« Mieux vaut tard que jamais », tels sont enfin les propos tenus par ceux qui sont pragmatiques, lorsqu’ils ont appris l’information sur la remise  de la lettre de démission du premier ministre et  de son gouvernement au Président de la République. Dans le camp adverse, on estime que l’attente a été longue, une anomalie politique qui sous tend que le Président de la République Faure Gnassingbé serait mal élu. Tout compte fait, la démission est acceptée et le peuple attend la formation d’un nouveau gouvernement. Quoi qu’on dise le Togo parcoure une crise politique qui inquiète plus d’un. L’environnement politique devient de plus en plus confus avec une opposition divisée en interne. Le débat politique n’existe presque pas. Une situation politique qui devient fade. Or, les idées contradictoires qui fondent les principes démocratiques à travers des manifestations de l’opposition sont quasiment absentes. Le parti au pouvoir n’a plus véritablement d’adversaires sur le terrain politique parce qu’il verrouille tout l’espace de liberté politique, ce qui permet d’occuper tout le terrain politique. Un danger pour le processus démocratique avec l’installation d’institutions fortes de la République. Cependant, rien n’est serein aussi dans cette formation où des assassinats et morts suspects sont permanemment enregistrés. Le climat est probablement lourd au sein de cette formation politique dont le Président se cache depuis la proclamation du suffrage universel par la Cour Constitutiannel dont le président a loué ce dernier et l’a félicité pour son bilan qu’il trouve positif, compromettant ainsi le caractère de neutralité de cette institution.

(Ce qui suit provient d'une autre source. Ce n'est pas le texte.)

lemma not_breadth_le_irredundant_covers:
  assumes "\<not> breadth_le TYPE('a) n"
  obtains x and a :: "nat \<Rightarrow> 'a" where "\<forall>i\<in>{..<Suc n}. covers x (a i)" "irredundant x a {..<Suc n}"
proof -
  obtain z and c :: "nat \<Rightarrow> 'a" where "irredundant z c {..<Suc n}"
    using assms not_breadth_le_iff_irredundant by blast
  from irredundant_covers[OF modular finite_length _ this] that show ?thesis by blast
qed

lemma not_breadth_le_compl_mod_sublattice:
  assumes "\<not> breadth_le TYPE('a) n"
  shows "\<exists>S::'a set. compl_mod_sublattice S (n + 1)"
proof -
  obtain x and a :: "nat \<Rightarrow> 'a" where "\<forall>i\<in>{..<Suc n}. covers x (a i)" "irredundant x a {..<Suc n}"
    using not_breadth_le_irredundant_covers[OF assms] by blast
  from compl_mod_sublattice_join_above[OF modular this] show ?thesis by auto
qed

lemma compl_mod_sublattice_not_breadth_le:
  assumes "compl_mod_sublattice (S::'a set) (n + 1)"
  shows "\<not> breadth_le TYPE('a) n"
proof -
  obtain z u where zu: "z \<in> S" "\<forall>p\<in>S. z \<le> p \<and> p \<le> u"
    "\<forall>p\<in>S. \<exists>q\<in>S. inf p q = z \<and> sup p q = u"
    using assms unfolding compl_mod_sublattice_def by blast
  obtain C where C: "C \<subseteq> S" "is_chain C" "card C = Suc (Suc n)"
    using assms unfolding compl_mod_sublattice_def length_eq_def by auto
  have "\<forall>v\<in>C. \<exists>c. z \<le> c \<and> c \<le> u \<and> inf c v = z \<and> sup c v = u"
    using zu C(1) by (metis inf_commute subsetD sup_commute)
  moreover have "z \<le> u" "C \<subseteq> {z..u}" using zu(1,2) C(1) by auto
  ultimately have "\<exists>c. irredundant z c {..<Suc n}"
    using complemented_chain_irredundant[OF modular _ _ C(2,3)] by blast
  thus ?thesis using not_breadth_le_iff_irredundant by blast
qed
text \<open>Derived series: index 0 here is A^[1] = A of the paper;
  A^[s+1] = [A^[s],A^[s]] (the linear span of all brackets).\<close>

fun derived_series ::
  "('k::field \<Rightarrow> 'v::ab_group_add \<Rightarrow> 'v) \<Rightarrow> ('v \<Rightarrow> 'v \<Rightarrow> 'v) \<Rightarrow> 'v set \<Rightarrow> nat \<Rightarrow> 'v set" where
  "derived_series s br A 0 = A"
| "derived_series s br A (Suc k) =
     module.span s {br x y | x y. x \<in> derived_series s br A k \<and> y \<in> derived_series s br A k}"

definition solvable_on ::
  "('k::field \<Rightarrow> 'v::ab_group_add \<Rightarrow> 'v) \<Rightarrow> ('v \<Rightarrow> 'v \<Rightarrow> 'v) \<Rightarrow> 'v set \<Rightarrow> bool" where
  "solvable_on s br A \<longleftrightarrow> (\<exists>k. derived_series s br A k = {0})"

text \<open>Vectors of C^n are functions nat => complex vanishing at indices \<ge> n;
  the basis vector e_(i+1) of the paper is the i-th unit vector (0-indexed).
  Linear endomorphisms of C^n are represented by n x n matrices
  (functions nat => nat => complex vanishing outside {0..<n} x {0..<n}).\<close>

type_synonym cmat = "nat \<Rightarrow> nat \<Rightarrow> complex"

definition vecs :: "nat \<Rightarrow> (nat \<Rightarrow> complex) set" where
  "vecs n = {v. \<forall>i\<ge>n. v i = 0}"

L’ultime question qui se pose à l’orée de la formation du gouvernement est celle-ci:« Ce gouvernement sera-t-il d’union, ou de cogestion ? ». La triste réalité, c’est que le parti au pouvoir n’a plus d’adversaires politiques sur le terrain. Même l’ANC qui prétend être le vrai parti d’opposition souffre de popularité à cause du flou kafkaïen que leurs dirigeants ont entretenu pendant plusieurs années en trompant ce peuple par leur politique spectacle. D’ailleurs, personne ne peut dénier l’implication des hauts cadres de ce parti dans l’affaire « Wacem Gate ». C’est la raison pour laquelle, certains observateurs politiques pensent que l’ANC négocierait déjà son entrée dans le prochain gouvernement. Ce parti a-t-il le choix, puisqu’il n’a plus la confiance de ce peuple qui reconnait être grugé par J. P. Fabre et les siens pendant un moment. Aujourd’hui, beaucoup de gens s’accordent à dire que ce gouvernement en gestation verrait l’entrée de certains cadres de l’Alliance Nationale pour le Changement (ANC), comme la Convergence du Peuple Panafricain (CPP), le Comité d’Action pour le Renouveau (CAR), la Convention Démocratique des Peuples Africains (CDPA), le Parti Démocratique pour le Renouveau (PDR), le NID, l’Union des Démocrates Socialistes-TOGO (UDS), l’Union des Forces du Changement (UFC), dont les hauts cadres ont déjà expérimenté ces gouvernements de compromission politique.

Toujours est-il que le gouvernement qui va naître bientôt ne se départira pas des précédents pour ses tâches régaliennes, dont l’exécution paraît difficile pour changer le quotidien des Togolais. Tous vont habituellement dans ces gouvernements comme dans une mangeoire pour profiter des délices du pouvoir. L’opinion togolaise a l’impression que lorsque des opposants  rentrent dans de tel gouvernement, ils se font une santé financière. Soit ! Cependant, il faut reconnaître qu’ils n’ont aucune marge de manœuvre pour travailler avec abnégation et intégrité à chaque fois qu’ils rentrent dans de tels gouvernements RPT-UNIR. Pourquoi ne démissionnent-ils pas, s’ils sont empêchés dans leur fonction ?, une question qui revient sur toutes les lèvres. Finalement, à défaut de démissionner, ils se complaisent généralement des magouilles financières, dont ils tirent, à part les ministres du parti au pouvoir, profit. Ainsi, au lieu de servir le peuple, les ministres issus de l’opposition se servent eux-mêmes en refusant de défendre les intérêts nationaux. Le sort du peuple est relégué au second plan.                         

En définitive, ce gouvernement, dont l’accouchement paraît douloureux, aura-t-il le mérite de servir réellement le peuple togolais en privilégiant la bonne gouvernance ? That’s the question.